One last comment before I sock you with quotes: one thing that struck me sideways is that Bernie Sanders emerged from this Burlington context and all of the serious Vermont politicians from Leahy to Kunin to Dean to Sanders are fully aware of and devoted to the idea of the intertwining and inseparable responsibilities of the community and the individual to one another that forms the basis of the successful democratic form of governing.

On Holmes: "The war did more than make him lose those beliefs. He lost his belief in beliefs." (e.g. beliefs change with changed contexts and needs.)
"The lesson Holmes took from the war can be put in a sentence. It is that certitude leads to violence."

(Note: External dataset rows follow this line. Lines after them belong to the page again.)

(* Let $\{c_n\}_{n\in\mathbb Z}$ be complex numbers such that $c_n+c_{-n}\in M(\theta_0)$ for all $n\ge1$ for some $\theta_0\in[0,\pi/2)$, and such that $\{c_n\}_{n\ge0}\in NBVS$. For $n\ge0$ put $S_n(x)=\sum_{k=-n}^{n}c_ke^{ikx}$. Then the following are equivalent: (i) $S_n(x)$ converges for every $x\in\mathbb R$ to a function $f$ which is continuous and $2\pi$-periodic, and $\lim_{n\to\infty}\|f-S_n\|=0$, where $\|g\|=\max_{x\in\mathbb R}|g(x)|$; (ii) $\lim_{n\to\infty}nc_n=0$ and $\sum_{n=1}^\infty|c_n+c_{-n}|<\infty$.
   Context: For $\theta_0\in[0,\pi/2)$ let $M(\theta_0)=\{z\in\mathbb C: |\arg z|\le\theta_0\}$ (with $0\in M(\theta_0)$). Write $\Delta c_n=c_n-c_{n+1}$. A complex sequence $\mathbf C=\{c_n\}$ belongs to $NBVS$ if there is $\theta_0\in[0,\pi/2)$ with $c_n\in M(\theta_0)$ for all $n\ge1$ and a constant $K(\mathbf C)>0$ (depending only on $\mathbf C$) such that $\sum_{n=m}^{2m}|\Delta c_n|\le K(\mathbf C)\big(|c_m|+|c_{2m}|\big)$ for all $m=1,2,\dots$. *)

theory Defs
  imports "HOL-Analysis.Analysis"
begin

definition sectorM :: "real \<Rightarrow> complex set" where
  "sectorM \<theta>0 = {z. z = 0 \<or> \<bar>Arg z\<bar> \<le> \<theta>0}"

definition NBVS :: "(nat \<Rightarrow> complex) \<Rightarrow> bool" where
  "NBVS c \<longleftrightarrow>
     (\<exists>\<theta>0. 0 \<le> \<theta>0 \<and> \<theta>0 < pi/2 \<and> (\<forall>n\<ge>1. c n \<in> sectorM \<theta>0)) \<and>
     (\<exists>K>0. \<forall>m\<ge>1. (\<Sum>n=m..2*m. cmod (c n - c (Suc n))) \<le> K * (cmod (c m) + cmod (c (2*m))))"

definition partial_sum :: "(int \<Rightarrow> complex) \<Rightarrow> nat \<Rightarrow> real \<Rightarrow> complex" where
  "partial_sum c n x = (\<Sum>k\<in>{-int n..int n}. c k * exp (\<i> * of_int k * of_real x))"

end

(*
  Put a k = c k + c (-k). Then the partial sums are
  S n x = (\<Sum>k\<le>n. a k e^(-ikx)) + 2i (\<Sum>k\<le>n. c k sin (kx)) - c 0.
  At x = 0 the sine part vanishes, and since the a k lie in a sector around the positive
  real axis, convergence of \<Sum> a k already forces \<Sum> |a k| < \<infinity>. Then the first series
  converges uniformly, so S n converges uniformly iff the sine series does.

  For a sequence of bounded dyadic variation (the NBVS condition) the sine series converges
  uniformly iff n c n \<rightarrow> 0. Sufficiency: split the sum at k \<approx> 1/|x|, estimate the low
  frequencies termwise by k |x| |c k| and the high ones by summation by parts, bounding the
  remaining variation by a geometric series of dyadic blocks. Necessity: at x = \<pi>/(4p) all
  sin (kx), p \<le> k \<le> 2p, are at least 1/2 and the sector condition rules out cancellation,
  so the block sums |c p| + ... + |c (2p)| tend to 0; bounded dyadic variation turns this into n c n \<rightarrow> 0.

  Finally, for continuous 2\<pi>-periodic functions sup-norm convergence to a continuous periodic
  limit is the same as uniform convergence.
*)
theory Submission
  imports Defs "HOL-Library.Periodic_Fun"
begin

lemma sum_gp_atLeastLessThan:
  fixes z :: "'a::comm_ring_1"
  assumes "p \<le> q"
  shows "(1 - z) * (\<Sum>j=p..<q. z ^ j) = z ^ p - z ^ q"
  using assms
proof (induction q rule: dec_induct)
  case (step n)
  have "(1 - z) * (\<Sum>j=p..<Suc n. z ^ j) = (1 - z) * (\<Sum>j=p..<n. z ^ j) + (1 - z) * z ^ n"
    using step.hyps by (simp add: distrib_left)
  also have "\<dots> = z ^ p - z ^ Suc n"
    unfolding step.IH by (simp add: algebra_simps)
  finally show ?case .
qed simp

lemma norm_sum_power_le:
  fixes z :: complex
  assumes "cmod z = 1" "z \<noteq> 1"
  shows "cmod (\<Sum>j=p..<q. z ^ j) \<le> 2 / cmod (1 - z)"
proof (cases "p \<le> q")
  case True
  have "cmod (1 - z) * cmod (\<Sum>j=p..<q. z ^ j) = cmod (z ^ p - z ^ q)"
    by (metis norm_mult sum_gp_atLeastLessThan[OF True])
  also have "\<dots> \<le> 2"
    using norm_triangle_ineq4[of "z ^ p" "z ^ q"] assms(1) by (simp add: norm_power)
  finally show ?thesis
    using assms by (simp add: field_simps)
qed simp

lemma sum_by_parts:
  fixes b g :: "nat \<Rightarrow> 'a::comm_ring"
  assumes "p \<le> n"
  shows "(\<Sum>k=p..<n. b k * g k) =
    b n * (\<Sum>j=p..<n. g j) + (\<Sum>k=p..<n. (b k - b (Suc k)) * (\<Sum>j=p..<Suc k. g j))"
  using assms
proof (induction n rule: dec_induct)
  case (step n)
  then show ?case by (simp add: algebra_simps)
qed simp

lemma norm_sum_by_parts_le:
  fixes b g :: "nat \<Rightarrow> complex"
  assumes G: "\<And>k. cmod (\<Sum>j=p..<k. g j) \<le> B"
  shows "cmod (\<Sum>k=p..<n. b k * g k) \<le> B * (cmod (b n) + (\<Sum>k=p..<n. cmod (b k - b (Suc k))))"
proof (cases "p \<le> n")
  case False
  moreover have "0 \<le> B" using G[of p] by simp
  ultimately show ?thesis by (simp add: sum_nonneg)
next
  case True
  have "cmod (\<Sum>k=p..<n. b k * g k) \<le> cmod (b n * (\<Sum>j=p..<n. g j))
      + cmod (\<Sum>k=p..<n. (b k - b (Suc k)) * (\<Sum>j=p..<Suc k. g j))"
    by (subst sum_by_parts[OF True]) (rule norm_triangle_ineq)
  also have "\<dots> \<le> cmod (b n) * B + (\<Sum>k=p..<n. cmod (b k - b (Suc k)) * B)"
  proof (rule add_mono)
    show "cmod (b n * (\<Sum>j=p..<n. g j)) \<le> cmod (b n) * B"
      unfolding norm_mult using G by (rule mult_left_mono) simp
    show "cmod (\<Sum>k=p..<n. (b k - b (Suc k)) * (\<Sum>j=p..<Suc k. g j)) \<le> (\<Sum>k=p..<n. cmod (b k - b (Suc k)) * B)"
      by (rule order_trans[OF norm_sum sum_mono]) (simp only: norm_mult mult_left_mono[OF G norm_ge_zero])
  qed
  finally show ?thesis by (simp add: distrib_left sum_distrib_left mult_ac)
qed

lemma sectorM_Re_ge:
  assumes "0 \<le> \<theta>" "\<theta> < pi/2" "z \<in> sectorM \<theta>"
  shows "cos \<theta> * cmod z \<le> Re z"
proof (cases "z = 0")
  case False
  then have "\<bar>Arg z\<bar> \<le> \<theta>" using assms by (simp add: sectorM_def)
  then have "cos \<theta> \<le> cos \<bar>Arg z\<bar>"
    using assms by (intro cos_monotone_0_pi_le) auto
  also have "\<dots> = Re z / cmod z" using False by (simp add: cos_Arg)
  finally show ?thesis using False by (simp add: field_simps)
qed simp

lemma summable_norm_if_Re_ge:
  fixes a :: "nat \<Rightarrow> complex"
  assumes "\<delta> > 0" "\<And>k. \<delta> * cmod (a k) \<le> Re (a k)" "summable a"
  shows "summable (\<lambda>k. cmod (a k))"
proof (rule summable_comparison_test)
  show "\<exists>N. \<forall>k\<ge>N. norm (cmod (a k)) \<le> Re (a k) / \<delta>"
  proof (intro exI allI impI)
    fix k
    show "norm (cmod (a k)) \<le> Re (a k) / \<delta>"
      using assms(2)[of k] assms(1) by (simp add: pos_le_divide_eq mult.commute)
  qed
  show "summable (\<lambda>k. Re (a k) / \<delta>)"
    by (intro summable_divide summable_Re assms(3))
qed

section \<open>Sequences of bounded dyadic variation\<close>

lemma norm_diff_le_variation:
  fixes b :: "nat \<Rightarrow> 'a::real_normed_vector"
  assumes "m \<le> n"
  shows "norm (b m - b n) \<le> (\<Sum>k=m..<n. norm (b k - b (Suc k)))"
proof -
  have "b m - b n = (\<Sum>k=m..<n. b k - b (Suc k))"
    using sum_Suc_diff'[OF assms, of "\<lambda>k. - b k"] by simp
  then show ?thesis by (simp add: norm_sum)
qed

lemma mult_norm_bound_nonneg:
  fixes b :: "nat \<Rightarrow> 'a::real_normed_vector"
  shows "\<forall>k\<ge>N. real k * norm (b k) \<le> e \<Longrightarrow> 0 \<le> e"
  by (meson mult_nonneg_nonneg norm_ge_zero of_nat_0_le_iff order_trans order_refl)

definition dyadic_variation_le :: "real \<Rightarrow> (nat \<Rightarrow> 'a::real_normed_vector) \<Rightarrow> bool" where
  "dyadic_variation_le K b \<longleftrightarrow>
     (\<forall>m\<ge>1. (\<Sum>n=m..2*m. norm (b n - b (Suc n))) \<le> K * (norm (b m) + norm (b (2*m))))"

lemma dyadic_variation_leD:
  "dyadic_variation_le K b \<Longrightarrow> 1 \<le> m \<Longrightarrow>
     (\<Sum>n=m..2*m. norm (b n - b (Suc n))) \<le> K * (norm (b m) + norm (b (2*m)))"
  by (simp add: dyadic_variation_le_def)

lemma dyadic_block_variation_le:
  fixes b :: "nat \<Rightarrow> 'a::real_normed_vector"
  assumes K: "dyadic_variation_le K b" "0 \<le> K"
    and e: "\<forall>k\<ge>N. real k * norm (b k) \<le> e" and "1 \<le> N" "N \<le> p"
  shows "(\<Sum>k=p..<2*p. norm (b k - b (Suc k))) \<le> 2 * K * e / p"
proof -
  have p: "1 \<le> p" using \<open>1 \<le> N\<close> \<open>N \<le> p\<close> by simp
  have "real p * norm (b p) \<le> e" "real (2*p) * norm (b (2*p)) \<le> e"
    using e[rule_format, of p] e[rule_format, of "2*p"] \<open>N \<le> p\<close> by auto
  then have bounds: "norm (b p) \<le> e / p" "norm (b (2*p)) \<le> e / (2*p)"
    using p by (simp_all add: field_simps)
  have "(\<Sum>k=p..<2*p. norm (b k - b (Suc k))) \<le> (\<Sum>k=p..2*p. norm (b k - b (Suc k)))"
    by (intro sum_mono2) auto
  also have "\<dots> \<le> K * (norm (b p) + norm (b (2*p)))"
    using dyadic_variation_leD[OF K(1) p] .
  also have "\<dots> \<le> K * (e/p + e/(2*p))"
    using bounds K(2) by (intro mult_left_mono) auto
  also have "\<dots> \<le> 2 * K * e / p"
    using K(2) mult_norm_bound_nonneg[OF e] p by (simp add: field_simps)
  finally show ?thesis .
qed

text \<open>Splitting \<open>[p, q)\<close> into dyadic blocks \<open>[p, 2p], [2p, 4p], \<dots>\<close> gives a geometric series.\<close>
lemma variation_tail_le:
  fixes b :: "nat \<Rightarrow> 'a::real_normed_vector"
  assumes K: "dyadic_variation_le K b" "0 \<le> K"
    and e: "\<forall>k\<ge>N. real k * norm (b k) \<le> e" and "1 \<le> N" "N \<le> p"
  shows "(\<Sum>k=p..<q. norm (b k - b (Suc k))) \<le> 4 * K * e / p"
  using \<open>N \<le> p\<close>
proof (induction "q - p" arbitrary: p rule: less_induct)
  case less
  have p: "1 \<le> p" using less.prems \<open>1 \<le> N\<close> by simp
  have "0 \<le> e"
    using e by (rule mult_norm_bound_nonneg)
  have block: "(\<Sum>k=p..<2*p. norm (b k - b (Suc k))) \<le> 2 * K * e / p"
    using dyadic_block_variation_le[OF K e \<open>1 \<le> N\<close> less.prems] .
  show ?case
  proof (cases "q \<le> 2*p")
    case True
    then have "(\<Sum>k=p..<q. norm (b k - b (Suc k))) \<le> (\<Sum>k=p..<2*p. norm (b k - b (Suc k)))"
      by (intro sum_mono2) auto
    also have "\<dots> \<le> 2 * K * e / p"
      by (rule block)
    also have "\<dots> \<le> 4 * K * e / p"
      using K(2) \<open>0 \<le> e\<close> by (intro divide_right_mono mult_right_mono) auto
    finally show ?thesis .
  next
    case False
    then have "(\<Sum>k=p..<q. norm (b k - b (Suc k))) =
        (\<Sum>k=p..<2*p. norm (b k - b (Suc k))) + (\<Sum>k=2*p..<q. norm (b k - b (Suc k)))"
      by (intro sum.atLeastLessThan_concat[symmetric]) auto
    moreover have "(\<Sum>k=2*p..<q. norm (b k - b (Suc k))) \<le> 4 * K * e / (2*p)"
      using less.hyps[of "2*p"] False p less.prems by (simp add: of_nat_mult)
    moreover have "4 * K * e / (2*p) = 2 * K * e / p"
      using p by (simp add: field_simps)
    ultimately show ?thesis using block by linarith
  qed
qed

lemma norm_le_dyadic_endpoints:
  fixes b :: "nat \<Rightarrow> 'a::real_normed_vector"
  assumes K: "dyadic_variation_le K b" and m: "1 \<le> m" "m \<le> n" "n \<le> 2*m"
  shows "norm (b n) \<le> (K + 1) * (norm (b m) + norm (b (2*m)))"
proof -
  have "norm (b m - b n) \<le> (\<Sum>k=m..<n. norm (b k - b (Suc k)))"
    using m by (intro norm_diff_le_variation) simp
  also have "\<dots> \<le> (\<Sum>k=m..2*m. norm (b k - b (Suc k)))"
    using m by (intro sum_mono2) auto
  also have "\<dots> \<le> K * (norm (b m) + norm (b (2*m)))"
    using dyadic_variation_leD[OF K m(1)] .
  moreover have "norm (b n) \<le> norm (b m) + norm (b m - b n)"
    using norm_triangle_ineq4[of "b m" "b m - b n"] by simp
  ultimately have "norm (b n) \<le> norm (b m) + K * (norm (b m) + norm (b (2*m)))"
    by linarith
  also have "\<dots> \<le> (K + 1) * (norm (b m) + norm (b (2*m)))"
    by (simp add: algebra_simps)
  finally show ?thesis .
qed

text \<open>Average \<open>norm_le_dyadic_endpoints\<close> over the \<open>n/2\<close> indices \<open>m \<in> [\<lceil>n/2\<rceil>, n]\<close>.\<close>
lemma mult_norm_le_block_sums:
  fixes b :: "nat \<Rightarrow> 'a::real_normed_vector"
  assumes K: "dyadic_variation_le K b" "0 \<le> K" and "1 \<le> n"
  defines "h \<equiv> Suc n div 2"
  shows "real n * norm (b n) \<le>
    2 * (K + 1) * ((\<Sum>k=h..2*h. norm (b k)) + (\<Sum>k=n..2*n. norm (b k)))"
proof -
  have h: "1 \<le> h" "h \<le> n" "n \<le> 2*h" "2*h \<le> Suc n" unfolding h_def using \<open>1 \<le> n\<close> by presburger+
  have each: "norm (b n) \<le> (K + 1) * (norm (b m) + norm (b (2*m)))" if "m \<in> {h..n}" for m
    using that h by (intro norm_le_dyadic_endpoints[OF K(1)]) auto
  have "real (card {h..n}) * norm (b n) = (\<Sum>m=h..n. norm (b n))"
    by simp
  also have "\<dots> \<le> (\<Sum>m=h..n. (K + 1) * (norm (b m) + norm (b (2*m))))"
    by (rule sum_mono) (rule each)
  also have "\<dots> = (K + 1) * ((\<Sum>m=h..n. norm (b m)) + (\<Sum>m\<in>(\<lambda>m. 2*m) ` {h..n}. norm (b m)))"
    by (simp add: sum.distrib sum.reindex inj_on_def flip: sum_distrib_left)
  also have "\<dots> \<le> (K + 1) * ((\<Sum>k=h..2*h. norm (b k)) + (\<Sum>k=n..2*n. norm (b k)))"
    using h K(2) by (intro mult_left_mono add_mono sum_mono2) auto
  finally have avg: "real (card {h..n}) * norm (b n) \<le> \<dots>" .
  have "real n \<le> 2 * real (card {h..n})"
    using h by simp
  then have "real n * norm (b n) \<le> 2 * (real (card {h..n}) * norm (b n))"
    using mult_right_mono[OF _ norm_ge_zero] by (metis mult.assoc)
  also have "\<dots> \<le> 2 * ((K + 1) * ((\<Sum>k=h..2*h. norm (b k)) + (\<Sum>k=n..2*n. norm (b k))))"
    using avg by simp
  finally show ?thesis
    by (simp only: mult.assoc)
qed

Charles Peirce (contemporary mathematician and philosopher). "... perception is fallible, knowing cannot be a matter of an individual mind "mirroring" reality. Each mind reflects differently at different moments--and in any case reality doesn't stand still long enough to be accurately mirrored. Peirce's conclusion was that knowledge must therefore be social."

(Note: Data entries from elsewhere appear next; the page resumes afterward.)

(* Let $M$ be a tame paving matroid of rank $n$ on $[d]$ with set of dependent hyperplanes $\mathcal{L}$. Then for every $\gamma\in V_{\mathcal{C}(M)}$ and every $\epsilon>0$ there exists $\widetilde\gamma=(\widetilde\gamma_1,\ldots,\widetilde\gamma_d)\in V_{\mathcal{C}(M)}$ with $\|\gamma_p-\widetilde\gamma_p\|<\epsilon$ for all $p\in[d]$ such that $\dim\widetilde\gamma_l=n-1$ for every $l\in\mathcal{L}$, where $\widetilde\gamma_l=\operatorname{span}(\widetilde\gamma_p:p\in l)$.
   Context: A matroid of rank $n$ is paving if every circuit has size $n$ or $n+1$; a dependent hyperplane is a maximal subset of size at least $n$ all of whose $n$-subsets are circuits; tame means any three distinct dependent hyperplanes have empty intersection. The circuit variety $V_{\mathcal{C}(M)}$ is the set of tuples $(\gamma_1,\ldots,\gamma_d)$ of vectors in $\mathbb{C}^n$ such that $(\gamma_p)_{p\in S}$ is linearly dependent for every dependent set $S$ of $M$. *)

theory Defs
  imports "HOL-Analysis.Analysis"
begin

definition matroid :: "'a set \<Rightarrow> 'a set set \<Rightarrow> bool" where
  "matroid E Ind \<longleftrightarrow> finite E \<and> Ind \<subseteq> Pow E \<and> {} \<in> Ind \<and>
     (\<forall>X Y. X \<in> Ind \<and> Y \<subseteq> X \<longrightarrow> Y \<in> Ind) \<and>
     (\<forall>X Y. X \<in> Ind \<and> Y \<in> Ind \<and> card X < card Y \<longrightarrow> (\<exists>y\<in>Y - X. insert y X \<in> Ind))"

definition matroid_rank :: "'a set set \<Rightarrow> nat" where
  "matroid_rank Ind = Max (card ` Ind)"

definition dependent_set :: "'a set \<Rightarrow> 'a set set \<Rightarrow> 'a set \<Rightarrow> bool" where
  "dependent_set E Ind S \<longleftrightarrow> S \<subseteq> E \<and> S \<notin> Ind"

definition circuit :: "'a set \<Rightarrow> 'a set set \<Rightarrow> 'a set \<Rightarrow> bool" where
  "circuit E Ind C \<longleftrightarrow> dependent_set E Ind C \<and> (\<forall>D. D \<subset> C \<longrightarrow> D \<in> Ind)"

definition paving :: "'a set \<Rightarrow> 'a set set \<Rightarrow> bool" where
  "paving E Ind \<longleftrightarrow> (\<forall>C. circuit E Ind C \<longrightarrow>
      card C = matroid_rank Ind \<or> card C = matroid_rank Ind + 1)"

definition hyp_candidate :: "'a set \<Rightarrow> 'a set set \<Rightarrow> 'a set \<Rightarrow> bool" where
  "hyp_candidate E Ind H \<longleftrightarrow> H \<subseteq> E \<and> card H \<ge> matroid_rank Ind \<and>
     (\<forall>S. S \<subseteq> H \<and> card S = matroid_rank Ind \<longrightarrow> circuit E Ind S)"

"Addams said she believed that antagonism was always unnecessary. It never arose from real, objective differences she told Dewey, 'but from a person's mixing his own personal reactions--the extra emphasis he gave the truth, the enjoyment he took in doing a thing because it was unpalatable to others, or the feeling that one must show his own colors.' "The antagonism of institutions was always unreal: it was simply due to the injection of the personal attitude & reaction; & then instead of adding to the recognition of meaning, it delayed and distorted it."

"Dewey taught that there is no such thing as an individual without society. We think we know in order to do,. Dewey taught that doing is why there is knowing,"

James, summarizing pragmatism: " . . . the soul and meaning of thought . . . can never be made to direct itself toward anything but the production of belief . . . .When our thought about an object has found its rest in belief, then our action on the subject can firmly and safely begin. Beliefs, in short, are really rules for action . . . .

On pluralism: "People come at life from different places, they understand the world in different ways, they strive for different ends. This is a fact that has proved amazingly hard to live with, and the reason is that as associated beings, we naturally seek to find our tastes, values and hopes reflected in other people."

"Coercion is natural; freedom is artificial. Freedoms are socially engineered spaces where parties engaged in specified pursuits enjoy protection from parties who would otherwise naturally seek to interfere in those pursuits. One person's freedom is therefore always another person's restriction . . . ."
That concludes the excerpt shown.